GoDaddy.com LLC v. RPost Communications Limited
2:14-cv-00126
D. Ariz.Dec 9, 2014Background
- GoDaddy sued RPost entities seeking a declaratory judgment that certain email-tracking patents (Patents‑in‑Suit) are unenforceable for patent misuse after RPost asserted those patents against GoDaddy.
- The patents were originally prosecuted by Dr. Terrance Tomkow and assigned to RPost International; later disputes arose among founders (Tomkow, Khan, Barton) over transfers and ownership.
- Barton sued (the Barton Cases), alleging fraudulent transfers of RPost International assets to offshore affiliates (RMail, RComm); a state court found malice and ordered restoration of Barton’s shares.
- Tomkow and Khan filed bankruptcy; Barton obtained conversion to Chapter 7 and a trustee was appointed to administer assets including the patents.
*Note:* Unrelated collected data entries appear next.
lemma int_subgroup_eq_multiples:
  fixes I :: "int set"
  assumes zero: "0 \<in> I" and diff: "\<And>a b. a \<in> I \<Longrightarrow> b \<in> I \<Longrightarrow> a - b \<in> I"
  obtains q where "I = {k. q dvd k}"
proof (cases "I \<subseteq> {0}")
  case True
  with zero show ?thesis
    by (intro that[of 0]) auto
next
  case False
  obtain a where a: "a \<in> I" "a \<noteq> 0"
    using False by auto
  have "\<bar>a\<bar> \<in> I"
    using a diff[OF zero a(1)] by (cases "a \<ge> 0") auto
  then have ex: "\<exists>n. 0 < n \<and> int n \<in> I"
    using a(2) by (intro exI[of _ "nat \<bar>a\<bar>"]) auto
  define n where "n = (LEAST n. 0 < n \<and> int n \<in> I)"
  have n: "0 < n" "int n \<in> I"
    using LeastI_ex[OF ex] by (simp_all add: n_def)
  have n_min: "n \<le> m" if "0 < m" "int m \<in> I" for m
    using that by (simp add: n_def Least_le)
  have multiples: "j * int n \<in> I" for j
    using zero diff n(2) by (rule int_subgroup_mult_mem)
  have mod_zero: "k mod int n = 0" if "k \<in> I" for k
  proof (rule ccontr)
    assume "k mod int n \<noteq> 0"
    moreover have "k mod int n = k - (k div int n) * int n"
      by (simp add: minus_div_mult_eq_mod)
    then have "k mod int n \<in> I"
      using diff[OF that multiples] by simp
    moreover have "0 \<le> k mod int n" "k mod int n < int n"
      using n(1) by simp_all
    ultimately show False
      using n_min[of "nat (k mod int n)"] by simp
  qed
  have "I = {k. int n dvd k}"
  proof (intro subset_antisym subsetI)
    fix k assume "k \<in> I"
    then show "k \<in> {k. int n dvd k}"
      using mod_zero by (simp add: mod_eq_0_iff_dvd)
  next
    fix k assume "k \<in> {k. int n dvd k}"
    then obtain j where "k = int n * j"
      by (auto simp: dvd_def)
    then show "k \<in> I"
      using multiples[of j] by (simp add: mult.commute)
  qed
  then show ?thesis
    by (rule that)
qed

lemma div_add_split: "((a::int) + b) div q = a div q + (a mod q + b) div q"
  using div_add1_eq[of a b q] div_add1_eq[of "a mod q" b q] by simp

lemma lca_groupD:
  assumes "lca_group H"
  defines "C \<equiv> topspace (lca_top H)" and "p \<equiv> lca_add H" and "z \<equiv> lca_zero H" and "n \<equiv> lca_neg H"
  shows "z \<in> C" "\<And>a b. a \<in> C \<Longrightarrow> b \<in> C \<Longrightarrow> p a b \<in> C" "\<And>a. a \<in> C \<Longrightarrow> n a \<in> C"
    "\<And>a b c. a \<in> C \<Longrightarrow> b \<in> C \<Longrightarrow> c \<in> C \<Longrightarrow> p (p a b) c = p a (p b c)"
    "\<And>a b. a \<in> C \<Longrightarrow> b \<in> C \<Longrightarrow> p a b = p b a"
    "\<And>a. a \<in> C \<Longrightarrow> p z a = a" "\<And>a. a \<in> C \<Longrightarrow> p (n a) a = z"
    "continuous_map (prod_topology (lca_top H) (lca_top H)) (lca_top H) (\<lambda>(a, b). p a b)"
    "continuous_map (lca_top H) (lca_top H) n"
    "Hausdorff_space (lca_top H)" "locally_compact_space (lca_top H)"
  using assms unfolding lca_group_def Let_def by auto

definition lca_monoid :: "'u lca_data \<Rightarrow> 'u monoid" where
  "lca_monoid H = \<lparr>carrier = topspace (lca_top H), mult = lca_add H, one = lca_zero H\<rparr>"

lemma lca_monoid_simps [simp]:
  "carrier (lca_monoid H) = topspace (lca_top H)" "mult (lca_monoid H) = lca_add H"
  "one (lca_monoid H) = lca_zero H"
  by (simp_all add: lca_monoid_def)

lemma comm_group_lca_monoid:
  assumes "lca_group H"
  shows "comm_group (lca_monoid H)"
proof (rule comm_groupI)
  fix x assume "x \<in> carrier (lca_monoid H)"
  then show "\<exists>y\<in>carrier (lca_monoid H). y \<otimes>\<^bsub>lca_monoid H\<^esub> x = \<one>\<^bsub>lca_monoid H\<^esub>"
    using lca_groupD(3,7)[OF assms] by auto
qed (use lca_groupD[OF assms] in auto)

lemma inv_lca_monoid:
  assumes "lca_group H" "a \<in> topspace (lca_top H)"
  shows "inv\<^bsub>lca_monoid H\<^esub> a = lca_neg H a"
  using group.inv_equality[OF comm_group.axioms(2)[OF comm_group_lca_monoid[OF assms(1)]]]
    lca_groupD[OF assms(1)] assms(2) by simp

lemma homeomorphic_map_lca_translation:
  assumes H: "lca_group H" and c: "c \<in> topspace (lca_top H)"
  shows "homeomorphic_map (lca_top H) (lca_top H) (\<lambda>h. lca_add H h c)"
proof -
  interpret comm_group "lca_monoid H"
    rewrites "carrier (lca_monoid H) = topspace (lca_top H)" and "mult (lca_monoid H) = lca_add H"
      and "one (lca_monoid H) = lca_zero H"
    by (simp_all add: comm_group_lca_monoid[OF H])
  have cont: "continuous_map (lca_top H) (lca_top H) (\<lambda>h. lca_add H h c')"
    if "c' \<in> topspace (lca_top H)" for c'
  proof -
    have pair: "continuous_map (lca_top H) (prod_topology (lca_top H) (lca_top H)) (\<lambda>h. (h, c'))"
      using that by (intro continuous_map_pairedI) auto
    show ?thesis
      using continuous_map_compose[OF pair lca_groupD(8)[OF H]] by (simp add: o_def)
  qed
  have "homeomorphic_maps (lca_top H) (lca_top H) (\<lambda>h. lca_add H h c) (\<lambda>h. lca_add H h (inv\<^bsub>lca_monoid H\<^esub> c))"
    using cont[OF c] cont[OF inv_closed[OF c]] c by (simp add: homeomorphic_maps_def m_assoc)
  then show ?thesis
    by (rule homeomorphic_maps_imp_map)
qed

locale cut_project =
  fixes H :: "'u lca_data" and L :: "('g::{topological_ab_group_add,t2_space} \<times> 'u) set"
  assumes cps: "cps H L"
begin

lemma
  shows internal_lca_group: "lca_group H"
    and lattice_subset: "L \<subseteq> UNIV \<times> topspace (lca_top H)"
    and zero_mem: "(0, lca_zero H) \<in> L"
    and add_mem: "\<And>p q. p \<in> L \<Longrightarrow> q \<in> L \<Longrightarrow> (fst p + fst q, lca_add H (snd p) (snd q)) \<in> L"
    and neg_mem: "\<And>p. p \<in> L \<Longrightarrow> (- fst p, lca_neg H (snd p)) \<in> L"
    and discrete: "\<And>p. p \<in> L \<Longrightarrow>
      \<exists>U. openin (prod_topology (euclidean::'g topology) (lca_top H)) U \<and> U \<inter> L = {p}"
    and cocompact: "\<exists>K. compactin (prod_topology (euclidean::'g topology) (lca_top H)) K \<and>
      {(fst k + fst l, lca_add H (snd k) (snd l)) | k l. k \<in> K \<and> l \<in> L} = UNIV \<times> topspace (lca_top H)"
    and inj_fst: "inj_on fst L"
    and dense: "lca_top H closure_of (snd ` L) = topspace (lca_top H)"
  using cps unfolding cps_def Let_def by auto

end

sublocale cut_project \<subseteq> internal: comm_group "lca_monoid H"
  rewrites "carrier (lca_monoid H) = topspace (lca_top H)" and "mult (lca_monoid H) = lca_add H"
    and "one (lca_monoid H) = lca_zero H"
  by (rule comm_group_lca_monoid[OF internal_lca_group]) simp_all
- RPost threatened/enforced the patents against third parties and contacted GoDaddy claiming clear ownership and enforcement rights, without disclosing the Barton or Bankruptcy disputes; GoDaddy alleges those ownership misrepresentations amounted to patent misuse.
Issues
| Issue | Plaintiff's Argument | Defendant's Argument | Held |
|---|---|---|---|
| Whether misrepresenting patent ownership can constitute patent misuse | GoDaddy: misrepresentations of ownership used to enforce patents amount to patent misuse and render patents unenforceable | RPost: misuse requires impermissible broadening of patent scope (subject matter or temporal); mere ownership misrepresentation does not broaden the patent grant | Court: Dismissed — ownership misrepresentation alone does not plead the required broadening element for patent misuse |
| Whether bad faith allegations alone suffice for patent misuse | GoDaddy: bad faith in asserting patents supports misuse claim | RPost: bad faith is insufficient without showing broadened patent rights and anticompetitive effect | Court: Bad faith allegations without factual showing of broadened scope fail to state a misuse claim |
| Whether existing remedies/statutes make misuse doctrine redundant here | GoDaddy: seeks misuse to render patents unenforceable | RPost: non‑owners already lack enforcement rights under statute; fraud claims can address misrepresentation | Court: Patent misuse unnecessary/inefficient for ownership misrepresentation because unenforceability against non‑owners and other legal remedies exist |
| Applicability of authority cited by plaintiff (e.g., Home Gambling, IMX) | GoDaddy: these cases support that ownership misrepresentation can be misuse | RPost: those cases do not stand for that proposition or are distinguishable | Court: Found those authorities inapposite or unpersuasive for expanding misuse to ownership misrepresentation |
Key Cases Cited
- Mallinckrodt, Inc. v. Medipart, Inc., 976 F.2d 700 (Fed. Cir. 1992) (describing patent misuse as restraint arising from leveraging patent rights)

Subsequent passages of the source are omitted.